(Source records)
□ □ □ □ □

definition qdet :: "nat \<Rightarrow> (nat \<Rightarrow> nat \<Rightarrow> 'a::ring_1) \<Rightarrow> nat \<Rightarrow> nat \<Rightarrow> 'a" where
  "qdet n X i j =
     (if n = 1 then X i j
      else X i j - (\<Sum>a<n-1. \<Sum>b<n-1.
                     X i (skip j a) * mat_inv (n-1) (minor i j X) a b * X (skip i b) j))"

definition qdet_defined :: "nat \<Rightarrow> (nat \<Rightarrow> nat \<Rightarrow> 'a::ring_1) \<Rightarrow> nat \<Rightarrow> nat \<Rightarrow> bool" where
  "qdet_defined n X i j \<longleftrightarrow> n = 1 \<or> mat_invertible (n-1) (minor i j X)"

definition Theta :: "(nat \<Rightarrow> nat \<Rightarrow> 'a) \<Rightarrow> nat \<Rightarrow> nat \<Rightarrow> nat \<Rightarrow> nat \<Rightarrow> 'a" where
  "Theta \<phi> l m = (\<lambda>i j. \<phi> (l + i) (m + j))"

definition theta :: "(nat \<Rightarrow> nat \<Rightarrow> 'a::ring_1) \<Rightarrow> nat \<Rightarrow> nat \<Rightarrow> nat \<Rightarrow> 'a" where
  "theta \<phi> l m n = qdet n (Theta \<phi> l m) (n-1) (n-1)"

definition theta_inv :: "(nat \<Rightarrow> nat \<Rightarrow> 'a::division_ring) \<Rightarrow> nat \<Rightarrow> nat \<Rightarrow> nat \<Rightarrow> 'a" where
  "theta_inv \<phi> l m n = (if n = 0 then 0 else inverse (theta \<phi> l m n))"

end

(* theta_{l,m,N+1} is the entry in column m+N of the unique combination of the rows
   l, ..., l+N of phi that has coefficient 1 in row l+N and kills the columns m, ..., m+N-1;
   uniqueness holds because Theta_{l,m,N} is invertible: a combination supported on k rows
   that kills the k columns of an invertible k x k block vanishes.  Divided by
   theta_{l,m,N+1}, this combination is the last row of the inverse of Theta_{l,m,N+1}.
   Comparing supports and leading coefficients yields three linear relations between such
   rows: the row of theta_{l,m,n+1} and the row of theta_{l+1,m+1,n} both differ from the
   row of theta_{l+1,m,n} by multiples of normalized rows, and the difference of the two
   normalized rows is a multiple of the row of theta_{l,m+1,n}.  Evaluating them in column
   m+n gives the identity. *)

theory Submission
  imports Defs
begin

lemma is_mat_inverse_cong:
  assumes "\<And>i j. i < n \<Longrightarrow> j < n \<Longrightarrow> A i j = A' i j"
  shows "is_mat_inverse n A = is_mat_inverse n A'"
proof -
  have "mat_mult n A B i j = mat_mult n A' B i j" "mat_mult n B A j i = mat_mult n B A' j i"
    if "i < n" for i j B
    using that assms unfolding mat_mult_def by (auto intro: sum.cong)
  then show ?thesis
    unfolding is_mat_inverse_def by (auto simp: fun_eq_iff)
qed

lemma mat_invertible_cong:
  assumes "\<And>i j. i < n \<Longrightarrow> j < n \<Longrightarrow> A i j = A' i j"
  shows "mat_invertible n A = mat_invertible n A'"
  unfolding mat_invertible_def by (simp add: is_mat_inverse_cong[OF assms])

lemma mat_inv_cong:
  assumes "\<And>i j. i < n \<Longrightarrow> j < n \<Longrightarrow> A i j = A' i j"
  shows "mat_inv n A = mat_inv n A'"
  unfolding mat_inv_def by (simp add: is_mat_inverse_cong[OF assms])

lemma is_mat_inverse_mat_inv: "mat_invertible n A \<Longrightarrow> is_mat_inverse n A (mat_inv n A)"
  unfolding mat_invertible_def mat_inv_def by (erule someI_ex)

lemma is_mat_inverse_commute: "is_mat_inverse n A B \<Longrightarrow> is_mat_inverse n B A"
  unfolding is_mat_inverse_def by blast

□ □ □ □ □

Task directions: Please return the lines above that run from the line containing "(if n = 1 then X i j" to the line containing "qdet n (Theta", inclusive, exactly and with no other lines.

Answer box:
     (if n = 1 then X i j
      else X i j - (\<Sum>a<n-1. \<Sum>b<n-1.
                     X i (skip j a) * mat_inv (n-1) (minor i j X) a b * X (skip i b) j))"

definition qdet_defined :: "nat \<Rightarrow> (nat \<Rightarrow> nat \<Rightarrow> 'a::ring_1) \<Rightarrow> nat \<Rightarrow> nat \<Rightarrow> bool" where
  "qdet_defined n X i j \<longleftrightarrow> n = 1 \<or> mat_invertible (n-1) (minor i j X)"

definition Theta :: "(nat \<Rightarrow> nat \<Rightarrow> 'a) \<Rightarrow> nat \<Rightarrow> nat \<Rightarrow> nat \<Rightarrow> nat \<Rightarrow> 'a" where
  "Theta \<phi> l m = (\<lambda>i j. \<phi> (l + i) (m + j))"

definition theta :: "(nat \<Rightarrow> nat \<Rightarrow> 'a::ring_1) \<Rightarrow> nat \<Rightarrow> nat \<Rightarrow> nat \<Rightarrow> 'a" where
  "theta \<phi> l m n = qdet n (Theta \<phi> l m) (n-1) (n-1)"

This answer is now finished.